Metade dos anos noventa. O ator e apresentador Sérgio Mallandro está falido. Já fez filme com Xuxa, foi âncora de Sílvio Santos, mas está falido. Estou quebrado – ele diz aos vizinhos, sem ânimo para fazer os seus bordões gluglu, yeeeiyeeei ou raaah. Parece que deu um salto bem maior do que as pernas compridas. E assiste, ao lado da vizinhança, a chegada sucessiva dos credores e seus representantes.
O homem da luz desliga a luz da casa. O da água, a água. Há um fila de oficiais de justiça para notificá-lo de que perderá todos os bens. Um dos oficiais vem buscar o carro. Quando reconhece o ator, começa a chorar. É a primeira vez que chora no serviço. Mallandro se surpreende e quer saber por quê.
O homem explica que o filho está doente. Moléstia incurável, já internado no hospital, morrendo. O menino é fã do ator e costuma explodir em risadas, quando ouve gluglu, yeeeiyeeei ou raaah. O pai agora não sabe o que fazer. Mallandro deixa a apatia, entra na casa penhorada e retorna com uma foto sorrindo como se não tivesse dívidas. Ele a autografa de forma personalizada e diz ao homem que deve cumprir o seu trabalho, portanto notifique logo e corra ao hospital para presentear o filho.

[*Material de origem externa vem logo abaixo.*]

text \<open>Some colouring on the path has exactly one rainbow row: take the first colouring with
  a rainbow row; the single vertex recoloured to create it lies in that row, so all other
  rows still repeat a colour.\<close>
lemma first_rainbow_row:
  assumes t2: "t \<ge> 2"
  obtains T r where "T < length ps" "r \<in> {1..t}" "rainbow_row T r"
    "\<forall>i\<in>{1..t} - {r}. \<not> rainbow_row T i"
proof -
  define has_rainbow where "has_rainbow T \<longleftrightarrow> (\<exists>r\<in>{1..t}. rainbow_row T r)" for T
  let ?L = "length ps - 1"
  have "has_rainbow ?L"
    using t2 unfolding has_rainbow_def path_last by (auto simp: inj_on_def intro!: bexI[of _ 1])
  define T where "T = (LEAST T. has_rainbow T)"
  have T_rainbow: "has_rainbow T" and T_le: "T \<le> ?L"
    using LeastI[of has_rainbow, OF \<open>has_rainbow ?L\<close>] Least_le[of has_rainbow, OF \<open>has_rainbow ?L\<close>]
    unfolding T_def by auto
  have T_len: "T < length ps" using T_le path_nonempty by (cases ps) auto
  have "\<not> rainbow_row 0 i" if "i \<in> {1..t}" for i
  proof
    assume "rainbow_row 0 i"
    moreover have "(ps!0) (Bv i 1) = (ps!0) (Bv i 2)" using that t2 by (simp add: path_first)
    ultimately have "(1::nat) = 2" by (rule inj_onD) (use t2 in auto)
    then show False by simp
  qed
  then have "\<not> has_rainbow 0" unfolding has_rainbow_def by blast
  then have T_pos: "T \<noteq> 0" using T_rainbow by (metis)
  then have before: "\<not> has_rainbow (T - 1)"
    unfolding T_def by (intro not_less_Least) (simp add: T_def[symmetric])
  obtain r where r: "r \<in> {1..t}" "rainbow_row T r"
    using T_rainbow unfolding has_rainbow_def by blast
  obtain v0 where v0: "{v \<in> Vset n t. (ps!(T-1)) v \<noteq> (ps!T) v} = {v0}"
    using path_step[of "T-1"] T_len T_pos by (auto simp: card_1_singleton_iff)
  have row_unchanged: "rainbow_row T i \<longleftrightarrow> rainbow_row (T-1) i"
    if "i \<in> {1..t}" "\<forall>j. v0 \<noteq> Bv i j" for i
  proof (rule inj_on_cong)
    fix j assume "j \<in> {1..t}"
    then have "Bv i j \<in> Vset n t" using that(1) by simp
    then show "(ps!T) (Bv i j) = (ps!(T-1)) (Bv i j)"
      using v0 that(2) by (metis (mono_tags, lifting) mem_Collect_eq singletonD)
  qed
  have "\<exists>j. v0 = Bv r j"
    using row_unchanged[OF r(1)] r before unfolding has_rainbow_def by blast
  then have "\<not> rainbow_row T i" if "i \<in> {1..t} - {r}" for i
    using row_unchanged[of i] before that unfolding has_rainbow_def by blast
  then show ?thesis using that T_len r by blast
qed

Abraçam-se. O oficial de justiça dá meia-volta e suas lágrimas já têm outra cor. Lamacentas estão as do Mallandro. Nessa hora, ele pensa em seus dois filhos, que estão saudáveis, e moram com a mãe, na Inglaterra. Não está podendo mandar dinheiro para eles, mas conclui que aquilo não é um problema e, sim, um obstáculo. Que tudo na vida é um obstáculo, diante do único problema, este do Oficial de Justiça.
Se você não se emocionou com a história, das duas uma: eu não a contei direito, ou considera chulo o humor que não seja inglês e de bordões como gluglu, yeeeiyeeei, raaah. Penso que isso é um obstáculo, mas, expandido para outros preconceitos, pode até ser um problema.